To blatantly answer your question:
It might or might not be worth it to draw a class diagram. You need to look at your system and determine what diagrams (if any) would add value to anyone working on the system. If producing a diagram will make the lives of developers, testers, or maintainers easier, then the diagrams should be produced. If they don't add any kind of value of anyone working on the system, then don't spend the time or effort on the work. If the system already exists, you might also want to consider reverse engineering to produce diagrams to allow a new developer to understand the system in less time.
In terms of costing more money, yes, creating diagrams for your system up front costs money as developers spend time creating them (and time costs money). However, this up-front (start of project in a sequential process or start of an iteration in an iterative product) cost can be off-set by the idea that having something that can be reviewed for mistakes, errors, or misunderstandings earlier in the development cycle. A mistake created in design costs more to fix in development, testing, or after release than it does to fix before you leave the design phase.
You explicitly mentioned class diagrams. Yes, class diagrams are widely used. But it's important to show things, but show the right things. Other diagram types can show some interesting views over the system, depending on the system that you are building. Sequence diagrams can show complexity, cohesion, and coupling in a system. Component and Deployment diagrams are useful when building distributed systems, to show the connections between each node. Object diagrams show how the system is going to behave under certain conditions at runtime. Activity diagrams can be used to show business logic and workflows. The list goes on - each diagram shows a particular view of the system, and each view might (or might not) add value to developers, maintainers, and testers.

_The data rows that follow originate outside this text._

(* If a presheaf $P\colon\mathbb{O}\to\mathbf{Set}$ preserves pullbacks, then so do $\mathcal{P}_f P$, $\Delta P$ and $BP$. That is, $\mathcal{P}_f$, $\Delta$ and $B$ restrict to endofunctors on the full subcategory of $\mathbf{Set}^{\mathbb{O}}$ formed by pullback-preserving presheaves.
   Context: Fix a finite set $Act$ of action labels. An $Act$-labelled poset is $O=(X_O,\preccurlyeq_O,l_O)$ with partial order $\preccurlyeq_O$ and $l_O\colon X_O\to Act$; $|O|=\{(x,l_O(x))\}$. Morphisms preserve order and labels; order-embeddings also reflect order. $\mathbb{O}$ is the category whose objects are chosen representatives of the isomorphism classes of finite $Act$-labelled posets and whose morphisms are order-embeddings. $\boldsymbol{\delta}\colon\mathbb{O}\to\mathbb{O}$: $\boldsymbol{\delta}(O)$ is (the representative of) the poset obtained from $O$ by adding, for each antichain $K\subseteq|O|$ (including $\emptyset$) and each $a\in Act$, a fresh event $new(O,K,a)$ labelled $a$ above exactly the elements of $K$ (reflexive-transitively closed); for an order-embedding $\sigma\colon O\to O'$, $\boldsymbol{\delta}(\sigma)$ acts as $\sigma$ on old events and sends $new(O,K,a)$ to $new(O',\sigma(K),a)$. $\mathbf{Set}^{\mathbb{O}}$: functors $\mathbb{O}\to\mathbf{Set}$. $\mathcal{E}(O)=|O|$, with renaming on morphisms. $\mathcal{P}_f$: pointwise finite powerset (direct images). $\Delta P=P\circ\boldsymbol{\delta}$. $\mathcal{L}(O)=Act\times\mathcal{P}_f(\mathcal{E}(O))$. $BP=\mathcal{P}_f(\mathcal{L}\times\Delta P)$, products pointwise. *)

theory Defs
  imports "HOL-Library.FuncSet"
begin

text \<open>An Act-labelled poset with events of type 'e; Act is the (finite) type 'a.\<close>
record ('e, 'a) lposet =
  lcarrier :: "'e set"
  lle :: "'e \<Rightarrow> 'e \<Rightarrow> bool"
  llab :: "'e \<Rightarrow> 'a"

definition lposet :: "('e, 'a) lposet \<Rightarrow> bool" where
  "lposet X \<longleftrightarrow> finite (lcarrier X)
     \<and> (\<forall>x\<in>lcarrier X. lle X x x)
     \<and> (\<forall>x\<in>lcarrier X. \<forall>y\<in>lcarrier X. lle X x y \<and> lle X y x \<longrightarrow> x = y)
     \<and> (\<forall>x\<in>lcarrier X. \<forall>y\<in>lcarrier X. \<forall>z\<in>lcarrier X.
          lle X x y \<and> lle X y z \<longrightarrow> lle X x z)"

definition order_emb :: "('e, 'a) lposet \<Rightarrow> ('f, 'a) lposet \<Rightarrow> ('e \<Rightarrow> 'f) \<Rightarrow> bool" where
  "order_emb X Y f \<longleftrightarrow> f \<in> lcarrier X \<rightarrow> lcarrier Y
     \<and> (\<forall>x\<in>lcarrier X. llab Y (f x) = llab X x)
     \<and> (\<forall>x\<in>lcarrier X. \<forall>y\<in>lcarrier X. lle Y (f x) (f y) \<longleftrightarrow> lle X x y)"

definition lpo_iso :: "('e, 'a) lposet \<Rightarrow> ('f, 'a) lposet \<Rightarrow> bool" where
  "lpo_iso X Y \<longleftrightarrow> (\<exists>f. bij_betw f (lcarrier X) (lcarrier Y) \<and> order_emb X Y f)"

The strength of UML is in its consistency. It provides a set of symbols that are required to model an object-oriented software system. Using this allows everyone to get on the same page, with reduced ambiguities and confusion across the team. Using words and sentences to describe a system leads to misunderstandings and ambiguities. With UML (as long as you use the standard notations and everyone on the team knows those notations), it becomes far easier to communicate the intended design, as well as actual implementation, of the system. If you are working alone, this isn't so important. However, on a team, it's important for everyone to be thinking of the system in the same light, and UML helps to provide a standard language with the constructs necessary to do this.

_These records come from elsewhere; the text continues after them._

(* Let $k\in\mathbb{N}$, $j\in\mathbb{N}$ with $j\ge k+1$, and $0<\theta\le\pi$. Write $\sigma=\sin\frac{\theta}{2}$ and $L=\ln\sigma$. Then \[ \begin{aligned} \mathrm{Ls}_j^{(k)}(\theta) &=(\ln2)^{j}\left(\frac{2\sigma}{\ln2}\right)^{k+1}\Biggl[k!\sum_{q=1}^{\infty}\frac{(-1)^{q+1}}{(k+2q)!}(2\sigma)^{2q}Q(k+1,2q;2) \sum_{\ell=0}^{j-k-1}\binom{j-k-1}{\ell}\frac{1}{(\ln 2)^{\ell}}\sum_{p=0}^{\ell}\frac{(-1)^p\langle\ell\rangle_{p}\,L^{\ell-p}}{(k+2q+1)^{p+1}}\\ &\qquad-\sum_{\ell=0}^{j-k-1}\binom{j-k-1}{\ell}\frac{1}{(\ln 2)^{\ell}}\sum_{p=0}^{\ell}\frac{(-1)^p\langle\ell\rangle_{p}\,L^{\ell-p}}{(k+1)^{p+1}}\Biggr], \end{aligned} \] with the convention $0^0=1$ (relevant when $\theta=\pi$, $L=0$).
   Context: The generalized logsine function is $\mathrm{Ls}_j^{(k)}(\theta)=-\int_{0}^{\theta}x^k\left(\ln\left|2\sin\frac{x}{2}\right|\right)^{j-k-1}dx$ for integers $j\ge k+1\ge1$ and real $\theta$. The falling factorial is $\langle z\rangle_p=z(z-1)\cdots(z-p+1)$ for $p\in\mathbb{N}$, $\langle z\rangle_0=1$. $s(n,k)$ denotes the signed Stirling numbers of the first kind, defined by $\frac{[\ln(1+x)]^k}{k!}=\sum_{n=k}^\infty s(n,k)\frac{x^n}{n!}$ for $|x|<1$; equivalently $\prod_{j=0}^{n-1}(z-j)=\sum_{k=0}^n s(n,k)z^k$. For $m\in\mathbb{N}$, $k\in\mathbb{N}_0$ and $\alpha\in\mathbb{R}$ define \[ Q(m,k;\alpha)=\sum_{\ell=0}^{k}\binom{m+\ell-1}{m-1}\, s(m+k-1,m+\ell-1)\left(\frac{m+k-\alpha}{2}\right)^{\ell}, \] with the convention $0^0=1$. *)

theory Defs
  imports "HOL-Analysis.Analysis" "HOL-Combinatorics.Stirling"
begin

definition Ls :: "nat \<Rightarrow> nat \<Rightarrow> real \<Rightarrow> real" where
  "Ls j k \<theta> = - (LBINT x=0..\<theta>. x ^ k * (ln \<bar>2 * sin (x / 2)\<bar>) ^ (j - k - 1))"

definition falling_fact :: "real \<Rightarrow> nat \<Rightarrow> real" where
  "falling_fact z p = (\<Prod>i<p. (z - real i))"

text \<open>Signed Stirling numbers of the first kind (library: unsigned stirling).\<close>
definition stirling1s :: "nat \<Rightarrow> nat \<Rightarrow> real" where
  "stirling1s n k = (-1) ^ (n - k) * real (stirling n k)"

definition Q :: "nat \<Rightarrow> nat \<Rightarrow> real \<Rightarrow> real" where
  "Q m k \<alpha> = (\<Sum>l=0..k. real ((m + l - 1) choose (m - 1)) * stirling1s (m + k - 1) (m + l - 1)
      * ((real (m + k) - \<alpha>) / 2) ^ l)"

end

(*
  Let P_0 = 1, P_1 = t, P_(n+2) = (t^2 + n^2) P_n (arcsin_poly) and
  a(m,n) = m! [t^m] P_n / n! (arcsin_coeff), which is nonnegative.  The recurrence of P_n makes
  H_m(y) = sum_n a(m,n) y^n satisfy (1 - y^2) H_m'' - y H_m' = m (m - 1) H_(m-2), so
  f_m(x) = 2^m H_m(sin (x/2)) satisfies f_m'' = m (m - 1) f_(m-2); with the initial values at 0
  this gives f_m(x) = x^m for |x| < pi (that is, H_m = arcsin^m).  Differentiating f_(k+1)
  expands x^k / (2^k cos (x/2)) in powers of sin (x/2) with nonnegative coefficients.

  Multiplying by 2^k cos (x/2) ln (2 sin (x/2))^r and integrating over (0, theta) term by term
  (dominated convergence: the partial sums are bounded by |x^k ln (2 sin (x/2))^r|, which is
  bounded) turns Ls into a series of integrals of cos (x/2) sin (x/2)^n ln (2 sin (x/2))^r, which
  have explicit primitives in y = sin (x/2): y^(n+1) times a polynomial in ln y.  Only n = k + 2q
  contributes, with coefficient [t^(k+1)] P_(k+2q+1) = (-4)^q Q(k+1, 2q; 2): after the
  substitution t = 2 i h, P_(N+1)(t) / t is a multiple of the falling factorial
  <h + (N-1)/2>_N, whose Stirling expansion yields Q.
*)
theory Submission
  imports Defs "HOL-Computational_Algebra.Polynomial"
begin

So far, I have never used the full extent of UML, either at work or in my personal projects. However, I do use UML notation to put my thoughts on paper and work through them, trying to make sure that they will work before I start coding. It's much easier to grab a piece of paper or use a whiteboard and make changes to sketches than it is to code once it's been written. This has also be my experience on most of the teams that I've been on, with a few exceptions. This goes for all kinds of diagrams, ranging from class diagrams through activity diagrams. It depends on the problem that I'm trying to solve and what I'm having problems thinking through.
In terms of the cost of using UML up-front, you are going to be spending the time to sit down, either as an individual or team and creating diagrams. Steve McConnell gives some numbers from Capers Jones and Barry Boehm (among others) in his books, Rapid Development: Taming Wild Software Schedules and Software Project Survival Guide: How to Be Sure Your First Important Project Isn't Your Last:
- Rework of defective requirements, design, and code is 40-50% of the cost of development.
- An hour of defect prevention will safe 3-10 hours of defect repair time.
- Cutting design time might seem to reduce the cycle time of the project. However, any time cut will be paid back with interest later in the product.
- An error in requirements or architecture tends to cost 50-200 times as much to correct late in the project as it does close to the point where it was injected (there's a graph showing this on p. 29 of the Survival Guide).
If you are using UML to capture your design decisions and adequately reviewing (a design review is very similar to a code review, but you look at the design documents and diagrams instead of code) and discussing those designs in a clear, concise, and unambiguous manner, then you should be able to find and remove defects early in a project or iteration. Discussing designs can reveal misunderstood requirements as well as designs that aren't able to meet all of the known requirements. Although it does require time, it'll save time and money down the road.